Which Software & Technology do I need?

The right template depends on the relationship (developer, licensor, distributor, end user) and what you're doing with the software or technology (building it, licensing it, distributing it, or transferring ownership). Pick the scenario that matches yours.

Your situation
Recommended template

Hiring a developer to build custom software you will own

Establishes that ownership vests in the client upon delivery and payment.

Licensing your software product to a business customer

Drafted in the licensor's favour with tight use restrictions and liability limits.

Signing a software license as the paying customer

Drafted in the licensee's favour with broader use rights and lower indemnity exposure.

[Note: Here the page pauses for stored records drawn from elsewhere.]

(* Let $S$ be a closed subspace of $\ell_\infty$ with $c_0\subseteq S$. If $S$ has weak$^*$ sequentially compact dual ball, then $S$ is not an $\ell_\infty$-Grothendieck subspace.
   Context: A Banach space $X$ has weak$^*$ sequentially compact dual ball if every sequence in the closed unit ball of $X^*$ has a $\sigma(X^*,X)$-convergent subsequence. Let $S$ be a closed subspace of $\ell_\infty$ containing $c_0$ and let $j:c_0\to S$ be the inclusion map; $j^{**}:c_0^{**}\equiv\ell_\infty\to S^{**}$ identifies $\ell_\infty$ with a subspace of $S^{**}$. A sequence $(x_n^* )$ in $S^*$ is $\sigma(S^*,\ell_\infty)$-convergent to $x^*$ if $\langle j^{**}z,x_n^*\rangle\to\langle j^{**}z,x^*\rangle$ for every $z\in\ell_\infty$. The closed subspace $S$ of $\ell_\infty$ is an $\ell_\infty$-Grothendieck subspace if $c_0\subseteq S$ and every $\sigma(S^*,S)$-convergent sequence in $S^*$ is $\sigma(S^*,\ell_\infty)$-convergent (to the same limit). *)

theory Defs
  imports "HOL-Analysis.Analysis"
begin

text \<open>ell_infinity is modelled as the Banach space of bounded (automatically continuous,
  since nat is discrete) real sequences, with the sup norm.\<close>
type_synonym linf = "nat \<Rightarrow>\<^sub>C real"

definition c0 :: "linf set" where
  "c0 = {x. (\<lambda>n. apply_bcontfun x n) \<longlonglongrightarrow> 0}"

definition unit_seq :: "nat \<Rightarrow> linf" where
  "unit_seq k = Bcontfun (\<lambda>n. if n = k then 1 else 0)"

text \<open>The dual S* of a subspace S: bounded linear functionals on S (only values on S matter).\<close>
definition dual_sp :: "linf set \<Rightarrow> (linf \<Rightarrow> real) set" where
  "dual_sp S = {\<phi>. (\<forall>x\<in>S. \<forall>y\<in>S. \<phi> (x + y) = \<phi> x + \<phi> y)
      \<and> (\<forall>c. \<forall>x\<in>S. \<phi> (c *\<^sub>R x) = c * \<phi> x)
      \<and> (\<exists>B. \<forall>x\<in>S. \<bar>\<phi> x\<bar> \<le> B * norm x)}"

definition dual_ball :: "linf set \<Rightarrow> (linf \<Rightarrow> real) set" where
  "dual_ball S = {\<phi> \<in> dual_sp S. \<forall>x\<in>S. \<bar>\<phi> x\<bar> \<le> norm x}"

definition weak_star_seq_compact_dual_ball :: "linf set \<Rightarrow> bool" where
  "weak_star_seq_compact_dual_ball S \<longleftrightarrow>
     (\<forall>\<phi> :: nat \<Rightarrow> linf \<Rightarrow> real. (\<forall>n. \<phi> n \<in> dual_ball S) \<longrightarrow>
        (\<exists>(r :: nat \<Rightarrow> nat) \<psi>. strict_mono r \<and> \<psi> \<in> dual_sp S \<and>
                (\<forall>x\<in>S. (\<lambda>n. \<phi> (r n) x) \<longlonglongrightarrow> \<psi> x)))"

text \<open>Pairing of j** z (z in ell_infinity = c_0**) with x* in S*:
  <j** z, x*> = <z, j* x*> = sum_k z_k x*(e_k), via c_0* = ell_1.\<close>
definition bidual_pair :: "linf \<Rightarrow> (linf \<Rightarrow> real) \<Rightarrow> real" where
  "bidual_pair z \<phi> = (\<Sum>k. apply_bcontfun z k * \<phi> (unit_seq k))"

definition linf_Grothendieck_subspace :: "linf set \<Rightarrow> bool" where
  "linf_Grothendieck_subspace S \<longleftrightarrow> c0 \<subseteq> S \<and>
     (\<forall>(\<phi> :: nat \<Rightarrow> linf \<Rightarrow> real) \<psi>. (\<forall>n. \<phi> n \<in> dual_sp S) \<longrightarrow> \<psi> \<in> dual_sp S \<longrightarrow>
        (\<forall>x\<in>S. (\<lambda>n. \<phi> n x) \<longlonglongrightarrow> \<psi> x) \<longrightarrow>
        (\<forall>z. (\<lambda>n. bidual_pair z (\<phi> n)) \<longlonglongrightarrow> bidual_pair z \<psi>))"

end

theory Submission
  imports Defs
begin

text \<open>The coordinate functionals \<open>\<delta>\<^sub>n x = x n\<close> lie in the dual ball. If a subsequence
  \<open>\<delta>\<^bsub>r n\<^esub>\<close> converges weak* to \<open>\<psi>\<close>, then \<open>\<psi>\<close> vanishes on the unit vectors \<open>e\<^sub>k \<in> c\<^sub>0\<close>,
  so \<open>\<langle>z, \<psi>\<rangle> = \<Sum>\<^sub>k z\<^sub>k \<psi>(e\<^sub>k) = 0\<close> for every \<open>z \<in> \<ell>\<^sub>\<infinity>\<close>. For the constant sequence
  \<open>z = 1\<close>, however, \<open>\<langle>z, \<delta>\<^bsub>r n\<^esub>\<rangle> = 1\<close>, so the convergence is not \<open>\<sigma>(S*, \<ell>\<^sub>\<infinity>)\<close>-convergence.\<close>

lemma unit_seq_apply [simp]: "apply_bcontfun (unit_seq k) m = (if m = k then 1 else 0)"
proof -
  have "range (\<lambda>n::nat. if n = k then 1 else (0::real)) \<subseteq> {0, 1}"
    by auto
  then have "bounded (range (\<lambda>n::nat. if n = k then 1 else (0::real)))"
    by (rule bounded_subset[OF finite_imp_bounded, rotated]) simp
  then have "(\<lambda>n::nat. if n = k then 1 else (0::real)) \<in> bcontfun"
    by (simp add: bcontfun_def continuous_on_discrete)
  then show ?thesis
    unfolding unit_seq_def by (simp add: Bcontfun_inverse)
qed

lemma unit_seq_in_c0: "unit_seq k \<in> c0"
proof -
  have "\<forall>\<^sub>F n in sequentially. apply_bcontfun (unit_seq k) n = 0"
    by (rule eventually_sequentiallyI[of "Suc k"]) simp
  then show ?thesis
    unfolding c0_def by (simp add: tendsto_eventually)
qed

lemma c0_subseq_tendsto_zero:
  assumes "x \<in> c0" and "strict_mono r"
  shows "(\<lambda>n. apply_bcontfun x (r n)) \<longlonglongrightarrow> 0"
  using LIMSEQ_subseq_LIMSEQ[of "apply_bcontfun x" 0 r] assms
  by (simp add: c0_def comp_def)

lemma coordinate_in_dual_ball: "(\<lambda>x. apply_bcontfun x n) \<in> dual_ball S"
proof -
  have bound: "\<bar>apply_bcontfun x n\<bar> \<le> norm x" for x :: linf
    using norm_bounded[of x n] by simp
  then have "\<exists>B. \<forall>x\<in>S. \<bar>apply_bcontfun x n\<bar> \<le> B * norm x"
    by (metis mult_1)
  then show ?thesis
    unfolding dual_ball_def dual_sp_def by (simp add: bound)
qed

lemma bidual_pair_coordinate: "bidual_pair z (\<lambda>x. apply_bcontfun x n) = apply_bcontfun z n"
proof -
  have "(\<lambda>k. apply_bcontfun z k * apply_bcontfun (unit_seq k) n)
      = (\<lambda>k. if k = n then apply_bcontfun z k else 0)"
    by auto
  then show ?thesis
    unfolding bidual_pair_def using sums_single[of n "apply_bcontfun z"]
    by (simp add: sums_iff)
qed

lemma bidual_pair_eq_0:
  assumes "\<And>k. \<phi> (unit_seq k) = 0"
  shows "bidual_pair z \<phi> = 0"
  unfolding bidual_pair_def by (simp add: assms)

lemma linf_Grothendieck_subspace_no_weak_star_limit_of_coordinates:
  assumes "linf_Grothendieck_subspace S" and "strict_mono r" and "\<psi> \<in> dual_sp S"
  shows "\<not> (\<forall>x\<in>S. (\<lambda>n. apply_bcontfun x (r n)) \<longlonglongrightarrow> \<psi> x)"
proof
  assume conv: "\<forall>x\<in>S. (\<lambda>n. apply_bcontfun x (r n)) \<longlonglongrightarrow> \<psi> x"
  have "c0 \<subseteq> S"
    using assms(1) by (simp add: linf_Grothendieck_subspace_def)
  have "\<psi> (unit_seq k) = 0" for k
    using conv unit_seq_in_c0 \<open>c0 \<subseteq> S\<close> c0_subseq_tendsto_zero[OF unit_seq_in_c0 assms(2)]
    by (meson LIMSEQ_unique subsetD)
  then have "bidual_pair z \<psi> = 0" for z
    by (rule bidual_pair_eq_0)
  moreover have "(\<lambda>n. bidual_pair z (\<lambda>x. apply_bcontfun x (r n))) \<longlonglongrightarrow> bidual_pair z \<psi>" for z
  proof -
    have "\<forall>n. (\<lambda>x. apply_bcontfun x (r n)) \<in> dual_sp S"
      using coordinate_in_dual_ball by (simp add: dual_ball_def)
    with assms(1,3) conv show ?thesis
      unfolding linf_Grothendieck_subspace_def
      by (elim conjE allE[of _ "\<lambda>n x. apply_bcontfun x (r n)"] allE[of _ \<psi>]) simp
  qed
  ultimately have "(\<lambda>n. apply_bcontfun z (r n)) \<longlonglongrightarrow> 0" for z :: linf
    by (simp add: bidual_pair_coordinate)
  from this[of "const_bcontfun 1"] show False
    by (simp add: const_bcontfun.rep_eq LIMSEQ_const_iff)
qed

theorem proposition3p6:
  fixes S :: "linf set"
  assumes "subspace S" and "closed S" and "c0 \<subseteq> S"
    and "weak_star_seq_compact_dual_ball S"
  shows "\<not> linf_Grothendieck_subspace S"
proof
  assume "linf_Grothendieck_subspace S"
  obtain r \<psi> where "strict_mono r" and "\<psi> \<in> dual_sp S"
    and "\<forall>x\<in>S. (\<lambda>n. apply_bcontfun x (r n)) \<longlonglongrightarrow> \<psi> x"
    using assms(4) coordinate_in_dual_ball
    unfolding weak_star_seq_compact_dual_ball_def
    by (elim allE[of _ "\<lambda>n x. apply_bcontfun x n"]) blast
  with \<open>linf_Grothendieck_subspace S\<close> show False
    using linf_Grothendieck_subspace_no_weak_star_limit_of_coordinates by blast
qed

end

Distributing a third-party software product to resellers or end users

Covers resale rights, territory, support responsibilities, and royalty structure.

Transferring ownership of technology or a patent to another company

Conveys all rights, title, and interest in the technology to the new owner.

Allowing a partner to use your technology under a formal licence

Grants defined usage rights while you retain underlying ownership.

Providing ongoing support and updates for deployed software

Defines SLAs, update schedules, and support scope for post-deployment care.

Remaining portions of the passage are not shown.